**Required action:** Reproduce, without any change, the span of lines from the opening of the records below to the line containing "then obtain m", inclusive.

**Information given:**
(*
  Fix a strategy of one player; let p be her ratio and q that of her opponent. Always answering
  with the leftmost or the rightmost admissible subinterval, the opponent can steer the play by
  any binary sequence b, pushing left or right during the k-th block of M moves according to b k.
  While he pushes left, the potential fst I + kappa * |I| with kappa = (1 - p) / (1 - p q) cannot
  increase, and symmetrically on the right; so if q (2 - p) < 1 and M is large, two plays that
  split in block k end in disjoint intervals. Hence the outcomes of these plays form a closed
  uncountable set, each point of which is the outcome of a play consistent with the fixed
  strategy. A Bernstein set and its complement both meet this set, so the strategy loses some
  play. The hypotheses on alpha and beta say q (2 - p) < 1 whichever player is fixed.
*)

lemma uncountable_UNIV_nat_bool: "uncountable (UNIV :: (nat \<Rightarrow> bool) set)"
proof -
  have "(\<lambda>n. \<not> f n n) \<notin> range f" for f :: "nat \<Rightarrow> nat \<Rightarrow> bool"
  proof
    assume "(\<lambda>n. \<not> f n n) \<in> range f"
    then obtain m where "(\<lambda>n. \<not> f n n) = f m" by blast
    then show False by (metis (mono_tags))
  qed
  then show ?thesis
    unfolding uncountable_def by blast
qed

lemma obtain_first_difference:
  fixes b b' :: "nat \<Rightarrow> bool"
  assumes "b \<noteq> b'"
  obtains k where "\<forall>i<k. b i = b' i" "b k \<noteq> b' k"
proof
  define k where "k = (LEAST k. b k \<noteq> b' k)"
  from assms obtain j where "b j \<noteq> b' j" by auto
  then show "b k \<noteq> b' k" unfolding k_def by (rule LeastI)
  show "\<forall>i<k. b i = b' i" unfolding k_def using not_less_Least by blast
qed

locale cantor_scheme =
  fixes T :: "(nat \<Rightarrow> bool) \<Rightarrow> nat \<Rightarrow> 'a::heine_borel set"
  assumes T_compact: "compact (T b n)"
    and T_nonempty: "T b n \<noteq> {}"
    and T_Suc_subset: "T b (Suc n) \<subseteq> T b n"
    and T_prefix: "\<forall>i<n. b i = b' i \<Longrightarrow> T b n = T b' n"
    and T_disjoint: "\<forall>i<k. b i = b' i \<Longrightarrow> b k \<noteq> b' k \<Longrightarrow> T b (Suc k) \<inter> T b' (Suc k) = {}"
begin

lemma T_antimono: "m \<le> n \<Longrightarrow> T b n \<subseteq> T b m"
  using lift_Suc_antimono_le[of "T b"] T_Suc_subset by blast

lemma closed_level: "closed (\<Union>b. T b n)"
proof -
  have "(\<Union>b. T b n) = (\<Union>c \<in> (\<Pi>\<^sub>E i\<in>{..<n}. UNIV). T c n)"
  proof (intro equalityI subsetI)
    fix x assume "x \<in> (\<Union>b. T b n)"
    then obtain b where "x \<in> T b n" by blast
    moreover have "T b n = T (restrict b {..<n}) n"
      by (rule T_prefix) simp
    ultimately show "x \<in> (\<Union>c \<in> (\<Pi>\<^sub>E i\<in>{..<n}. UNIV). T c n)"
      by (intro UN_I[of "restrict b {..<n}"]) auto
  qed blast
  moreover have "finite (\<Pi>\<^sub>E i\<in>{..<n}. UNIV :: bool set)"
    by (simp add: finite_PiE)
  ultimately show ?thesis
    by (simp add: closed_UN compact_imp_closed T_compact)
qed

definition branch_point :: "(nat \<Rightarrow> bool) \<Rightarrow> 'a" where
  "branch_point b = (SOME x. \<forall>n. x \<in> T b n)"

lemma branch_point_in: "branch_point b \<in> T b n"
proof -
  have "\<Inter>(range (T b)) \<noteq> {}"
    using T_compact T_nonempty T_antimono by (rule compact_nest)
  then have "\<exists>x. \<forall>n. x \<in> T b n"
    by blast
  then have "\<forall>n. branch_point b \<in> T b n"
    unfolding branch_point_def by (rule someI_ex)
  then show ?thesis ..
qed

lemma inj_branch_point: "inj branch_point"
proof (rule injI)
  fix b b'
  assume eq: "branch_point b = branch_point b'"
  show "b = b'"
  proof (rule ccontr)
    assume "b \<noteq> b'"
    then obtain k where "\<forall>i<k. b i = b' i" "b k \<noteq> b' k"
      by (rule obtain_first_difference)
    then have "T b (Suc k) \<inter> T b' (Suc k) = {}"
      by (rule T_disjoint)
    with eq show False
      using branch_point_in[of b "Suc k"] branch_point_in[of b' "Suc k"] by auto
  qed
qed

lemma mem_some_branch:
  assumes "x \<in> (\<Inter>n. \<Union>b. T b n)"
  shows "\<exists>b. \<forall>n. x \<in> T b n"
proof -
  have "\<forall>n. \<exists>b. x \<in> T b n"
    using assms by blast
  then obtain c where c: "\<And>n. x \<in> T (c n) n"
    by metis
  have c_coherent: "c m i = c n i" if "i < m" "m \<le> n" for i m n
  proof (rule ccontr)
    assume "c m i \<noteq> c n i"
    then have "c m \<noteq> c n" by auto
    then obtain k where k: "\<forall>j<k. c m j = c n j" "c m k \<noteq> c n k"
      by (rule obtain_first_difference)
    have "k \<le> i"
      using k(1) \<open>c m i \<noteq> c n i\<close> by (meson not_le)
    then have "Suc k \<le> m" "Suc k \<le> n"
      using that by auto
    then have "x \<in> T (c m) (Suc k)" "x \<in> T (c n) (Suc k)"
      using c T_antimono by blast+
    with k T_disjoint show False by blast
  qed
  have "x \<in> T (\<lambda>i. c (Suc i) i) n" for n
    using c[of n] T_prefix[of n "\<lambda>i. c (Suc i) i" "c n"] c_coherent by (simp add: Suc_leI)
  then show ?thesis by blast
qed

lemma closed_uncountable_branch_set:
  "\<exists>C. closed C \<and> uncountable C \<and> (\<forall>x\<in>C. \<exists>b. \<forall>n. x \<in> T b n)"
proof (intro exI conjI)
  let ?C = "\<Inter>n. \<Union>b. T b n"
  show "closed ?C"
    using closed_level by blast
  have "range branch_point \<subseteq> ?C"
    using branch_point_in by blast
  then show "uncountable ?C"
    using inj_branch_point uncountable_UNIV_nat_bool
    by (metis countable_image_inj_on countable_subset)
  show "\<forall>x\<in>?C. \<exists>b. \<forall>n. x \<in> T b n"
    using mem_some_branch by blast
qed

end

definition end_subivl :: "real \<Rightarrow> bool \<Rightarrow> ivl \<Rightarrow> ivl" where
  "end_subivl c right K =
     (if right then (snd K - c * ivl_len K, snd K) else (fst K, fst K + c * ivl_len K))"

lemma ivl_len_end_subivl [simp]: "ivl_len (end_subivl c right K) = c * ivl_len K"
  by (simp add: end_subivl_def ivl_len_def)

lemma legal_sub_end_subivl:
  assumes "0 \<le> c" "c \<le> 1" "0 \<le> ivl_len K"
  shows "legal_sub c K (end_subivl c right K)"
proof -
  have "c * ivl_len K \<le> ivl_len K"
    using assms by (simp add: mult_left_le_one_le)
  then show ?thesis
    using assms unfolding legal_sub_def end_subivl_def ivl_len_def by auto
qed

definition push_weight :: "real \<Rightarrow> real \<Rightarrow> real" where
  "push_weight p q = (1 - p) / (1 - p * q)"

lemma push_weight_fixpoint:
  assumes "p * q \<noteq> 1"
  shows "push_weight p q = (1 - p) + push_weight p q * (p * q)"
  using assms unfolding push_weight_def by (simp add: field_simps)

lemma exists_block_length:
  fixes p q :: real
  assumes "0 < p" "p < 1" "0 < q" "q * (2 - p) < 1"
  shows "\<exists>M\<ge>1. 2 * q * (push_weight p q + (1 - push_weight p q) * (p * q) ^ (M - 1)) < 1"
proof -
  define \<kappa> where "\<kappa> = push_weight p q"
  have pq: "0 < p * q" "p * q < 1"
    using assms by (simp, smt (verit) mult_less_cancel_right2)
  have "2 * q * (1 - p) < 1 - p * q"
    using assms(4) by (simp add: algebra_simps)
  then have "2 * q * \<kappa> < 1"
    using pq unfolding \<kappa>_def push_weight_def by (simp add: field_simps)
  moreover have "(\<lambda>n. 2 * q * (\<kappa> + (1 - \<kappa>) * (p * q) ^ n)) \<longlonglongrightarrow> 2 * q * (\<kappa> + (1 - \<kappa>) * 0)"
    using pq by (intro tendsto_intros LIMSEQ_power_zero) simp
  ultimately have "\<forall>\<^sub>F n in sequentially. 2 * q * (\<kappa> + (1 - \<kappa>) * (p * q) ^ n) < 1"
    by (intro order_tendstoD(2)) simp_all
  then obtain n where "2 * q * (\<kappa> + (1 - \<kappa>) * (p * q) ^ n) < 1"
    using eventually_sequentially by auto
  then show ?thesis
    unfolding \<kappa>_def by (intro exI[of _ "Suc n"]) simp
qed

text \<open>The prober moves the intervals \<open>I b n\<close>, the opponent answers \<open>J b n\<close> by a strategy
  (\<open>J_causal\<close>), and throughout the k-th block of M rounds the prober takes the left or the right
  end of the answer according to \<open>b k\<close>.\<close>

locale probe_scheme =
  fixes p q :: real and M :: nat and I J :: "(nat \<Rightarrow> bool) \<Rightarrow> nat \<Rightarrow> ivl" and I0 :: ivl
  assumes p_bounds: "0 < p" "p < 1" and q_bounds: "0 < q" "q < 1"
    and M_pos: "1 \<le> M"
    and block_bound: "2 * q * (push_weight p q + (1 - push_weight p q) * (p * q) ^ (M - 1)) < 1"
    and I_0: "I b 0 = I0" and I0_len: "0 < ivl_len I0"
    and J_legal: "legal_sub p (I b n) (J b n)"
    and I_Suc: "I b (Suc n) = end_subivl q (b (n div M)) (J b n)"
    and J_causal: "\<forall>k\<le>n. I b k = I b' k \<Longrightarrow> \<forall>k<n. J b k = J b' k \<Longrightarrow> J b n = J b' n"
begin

**Task output:**
(*
  Fix a strategy of one player; let p be her ratio and q that of her opponent. Always answering
  with the leftmost or the rightmost admissible subinterval, the opponent can steer the play by
  any binary sequence b, pushing left or right during the k-th block of M moves according to b k.
  While he pushes left, the potential fst I + kappa * |I| with kappa = (1 - p) / (1 - p q) cannot
  increase, and symmetrically on the right; so if q (2 - p) < 1 and M is large, two plays that
  split in block k end in disjoint intervals. Hence the outcomes of these plays form a closed
  uncountable set, each point of which is the outcome of a play consistent with the fixed
  strategy. A Bernstein set and its complement both meet this set, so the strategy loses some
  play. The hypotheses on alpha and beta say q (2 - p) < 1 whichever player is fixed.
*)

lemma uncountable_UNIV_nat_bool: "uncountable (UNIV :: (nat \<Rightarrow> bool) set)"
proof -
  have "(\<lambda>n. \<not> f n n) \<notin> range f" for f :: "nat \<Rightarrow> nat \<Rightarrow> bool"
  proof
    assume "(\<lambda>n. \<not> f n n) \<in> range f"
    then obtain m where "(\<lambda>n. \<not> f n n) = f m" by blast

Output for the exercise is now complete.